O município apresenta uma característica que o diferencia de cidades como Campo Formoso, Jaguarari e Senhor do Bonfim: no agrupamento adotado pelo Portal, o comércio supera os serviços. São 423 estabelecimentos comerciais e 397 de serviços. Indústria e atividades extrativas somam 42 registros; construção, 39.
Comércio de consumo cotidiano domina a base
Minimercados, mercearias e armazéns formam o CNAE mais numeroso, com 73 estabelecimentos. O comércio de vestuário tem 44; materiais de construção, 32; transporte rodoviário de carga intermunicipal, interestadual e internacional, 20; comércio de animais e produtos para pets, 19; promoção de vendas e autopeças, 17 cada.
O peso comercial já havia aparecido em levantamento anterior do Portal. O novo especial acrescenta bairro, idade dos estabelecimentos, aberturas recentes e logística.
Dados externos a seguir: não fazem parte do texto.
definition leader_gain :: "real \<Rightarrow> real \<Rightarrow> real \<Rightarrow> real \<Rightarrow> real \<Rightarrow> real" where
  "leader_gain d0 d l a b = reins_gain d l a b (best_p1 d0 a b) (best_p2 d0 a b)"

lemma best_p2_swap: "best_p2 d0 a b = best_p1 d0 b a"
  unfolding best_p1_def best_p2_def by (simp add: algebra_simps)

context
  fixes d0 a b :: real
  assumes d0: "d0 > 0" and a: "a > 0" and b: "b > 0"
begin

lemma one_minus_best_p: "1 - best_p1 d0 a b - best_p2 d0 a b = 2 * a * b / (d0 * a + d0 * b + 2 * a * b)"
proof -
  define D where "D = d0 * a + d0 * b + 2 * a * b"
  have "D > 0"
    unfolding D_def using d0 a b by (intro add_pos_pos) auto
  then have "1 - d0 * b / D - d0 * a / D = (D - d0 * b - d0 * a) / D"
    by (simp add: field_simps)
  also have "D - d0 * b - d0 * a = 2 * a * b"
    by (simp add: D_def)
  finally show ?thesis
    unfolding best_p1_def best_p2_def D_def[symmetric] .
qed

lemma best_p_bounds: "0 \<le> best_p1 d0 a b" "0 \<le> best_p2 d0 a b" "best_p1 d0 a b + best_p2 d0 a b \<le> 1"
proof -
  have "0 < d0 * a + d0 * b + 2 * a * b"
    using d0 a b by (intro add_pos_pos) auto
  then show "0 \<le> best_p1 d0 a b" "0 \<le> best_p2 d0 a b"
    unfolding best_p1_def best_p2_def using d0 a b by auto
  have "0 \<le> 2 * a * b / (d0 * a + d0 * b + 2 * a * b)"
    using \<open>0 < d0 * a + d0 * b + 2 * a * b\<close> a b by simp
  then show "best_p1 d0 a b + best_p2 d0 a b \<le> 1"
    unfolding one_minus_best_p[symmetric] by simp
qed

lemma ins_cost_expand_at_best:
  "ins_cost d0 a b p q = ins_cost d0 a b (best_p1 d0 a b) (best_p2 d0 a b)
      + a * (p - best_p1 d0 a b)\<^sup>2 + b * (q - best_p2 d0 a b)\<^sup>2
      + d0 / 2 * (p - best_p1 d0 a b + q - best_p2 d0 a b)\<^sup>2"
proof -
  define u where "u = best_p1 d0 a b"
  define v where "v = best_p2 d0 a b"
  have "ins_cost d0 a b p q = ins_cost d0 a b u v
      + (2 * a * u - d0 * (1 - u - v)) * (p - u) + (2 * b * v - d0 * (1 - u - v)) * (q - v)
      + a * (p - u)\<^sup>2 + b * (q - v)\<^sup>2 + d0 / 2 * (p - u + q - v)\<^sup>2"
    unfolding ins_cost_def by (simp add: power2_eq_square algebra_simps)
  moreover have "2 * a * u = d0 * (1 - u - v)" "2 * b * v = d0 * (1 - u - v)"
    unfolding u_def v_def one_minus_best_p unfolding best_p1_def best_p2_def by simp_all
  ultimately show ?thesis
    unfolding u_def v_def by simp
qed

lemma ins_cost_best_le: "ins_cost d0 a b (best_p1 d0 a b) (best_p2 d0 a b) \<le> ins_cost d0 a b p q"
  using ins_cost_expand_at_best[of p q] d0 a b by simp

lemma ins_cost_eq_best_imp:
  assumes "ins_cost d0 a b p q = ins_cost d0 a b (best_p1 d0 a b) (best_p2 d0 a b)"
  shows "p = best_p1 d0 a b" "q = best_p2 d0 a b"
proof -
  have "a * (p - best_p1 d0 a b)\<^sup>2 = 0" "b * (q - best_p2 d0 a b)\<^sup>2 = 0"
    using ins_cost_expand_at_best[of p q] assms d0 a b
    by (smt (verit) zero_le_power2 mult_nonneg_nonneg divide_nonneg_nonneg)+
  then show "p = best_p1 d0 a b" "q = best_p2 d0 a b"
    using a b by simp_all
qed

end

definition leader_gain_num :: "real \<Rightarrow> real \<Rightarrow> real \<Rightarrow> real \<Rightarrow> real" where
  "leader_gain_num d l b a = a * b\<^sup>2 - l * a\<^sup>2 * b - d / 2 * (b - l * a)\<^sup>2"
(* Let $\{X_n\}_{n\in\mathbb N}$ be a sequence of finite metric spaces with $|X_n|\to\infty$ as $n\to\infty$. Let $X=\bigsqcup_{n\in\mathbb N}X_n$ be a coarse disjoint union, and let $P_X$ be the averaging projection of the sequence. Then the following are equivalent: (1) $P_X$ is quasi-local; (2) for any $\alpha\in(0,\tfrac12]$ and any $c\in(0,1)$, there exists $R>0$ such that for any $n\in\mathbb N$ and $A\subseteq X_n$ with $\alpha|X_n|\leq|A|\leq|X_n|/2$, we have $|\partial_RA|>c|A|$; (3) for any $\alpha\in(0,\tfrac12]$, there exist $c\in(0,1)$ and $R>0$ such that for any $n\in\mathbb N$ and $A\subseteq X_n$ with $\alpha|X_n|\leq|A|\leq|X_n|/2$, we have $|\partial_RA|>c|A|$.
   Context: A coarse disjoint union of finite metric spaces $(X_n,d_n)$ is the set $X=\bigsqcup_n X_n$ with a metric $d$ that restricts to $d_n$ on each $X_n$ and satisfies $d(X_n,X_m)\to\infty$ as $n+m\to\infty$ with $m\neq n$. For a finite subset $F$ of a set $Y$, $P_F\in\mathfrak B(\ell^2(Y))$ is the orthogonal projection onto the span of $\chi_F$, i.e. $(P_F)_{x,y}=1/|F|$ if $x,y\in F$ and $0$ otherwise; the averaging projection of the sequence is $P_X=\sum_nP_{X_n}$ (strong operator topology sum) on $\ell^2(X)$. For $A\subseteq X$, $\chi_A$ also denotes the multiplication operator by its characteristic function. An operator $T\in\mathfrak B(\ell^2(X))$ is quasi-local if for every $\varepsilon>0$ there is $R>0$ such that $\|\chi_AT\chi_B\|\leq\varepsilon$ for all $A,B\subseteq X$ with $d(A,B)\geq R$. For $A\subseteq X_n$, $\partial_RA=\{x\in X_n\setminus A: d(x,A)\leq R\}$ is the outer $R$-boundary. *)

theory Defs
  imports "HOL-Analysis.Analysis"
begin

text \<open>Operators on l2(Y) are represented by their matrix kernels K :: Y => Y => complex.
  The operator norm of a (bounded) kernel operator is the supremum of |<f, K g>| over
  finitely supported f, g in the closed unit ball of l2(Y).\<close>
definition kernel_norm :: "('a \<Rightarrow> 'a \<Rightarrow> complex) \<Rightarrow> real" where
  "kernel_norm K = Sup {norm (\<Sum>x\<in>F. \<Sum>y\<in>F. cnj (f x) * K x y * g y) | F f g.
       finite F \<and> (\<Sum>x\<in>F. (cmod (f x))\<^sup>2) \<le> 1 \<and> (\<Sum>x\<in>F. (cmod (g x))\<^sup>2) \<le> 1}"

text \<open>Kernel of chi_A T chi_B.\<close>
definition cut_kernel :: "'a set \<Rightarrow> ('a \<Rightarrow> 'a \<Rightarrow> complex) \<Rightarrow> 'a set \<Rightarrow> 'a \<Rightarrow> 'a \<Rightarrow> complex" where
  "cut_kernel A K B = (\<lambda>x y. if x \<in> A \<and> y \<in> B then K x y else 0)"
Centro concentra cerca de 62% dos estabelecimentos
O Centro reúne 564 registros e 167 atividades econômicas principais. A zona rural aparece com 69; Jacaré, com 48; Jacarandá, com 30; Contorno, com 26; Novo, com 21; Novo Horizonte, com 15.
Na série Economia de Bairro, o Portal mostrou que seis em cada dez estabelecimentos estavam concentrados na região central. A concentração segue sendo o principal traço territorial, mas a abertura de novos negócios revela movimento em outras áreas.
Contorno, Novo e Novo Horizonte entram no mapa das aberturas
Dos 108 estabelecimentos atuais com início de atividade nos 12 meses encerrados em 17 de setembro de 2026, 79 estão no Centro. A zona rural tem sete. Contorno, Novo e Novo Horizonte registram quatro aberturas cada; Jacaré, três.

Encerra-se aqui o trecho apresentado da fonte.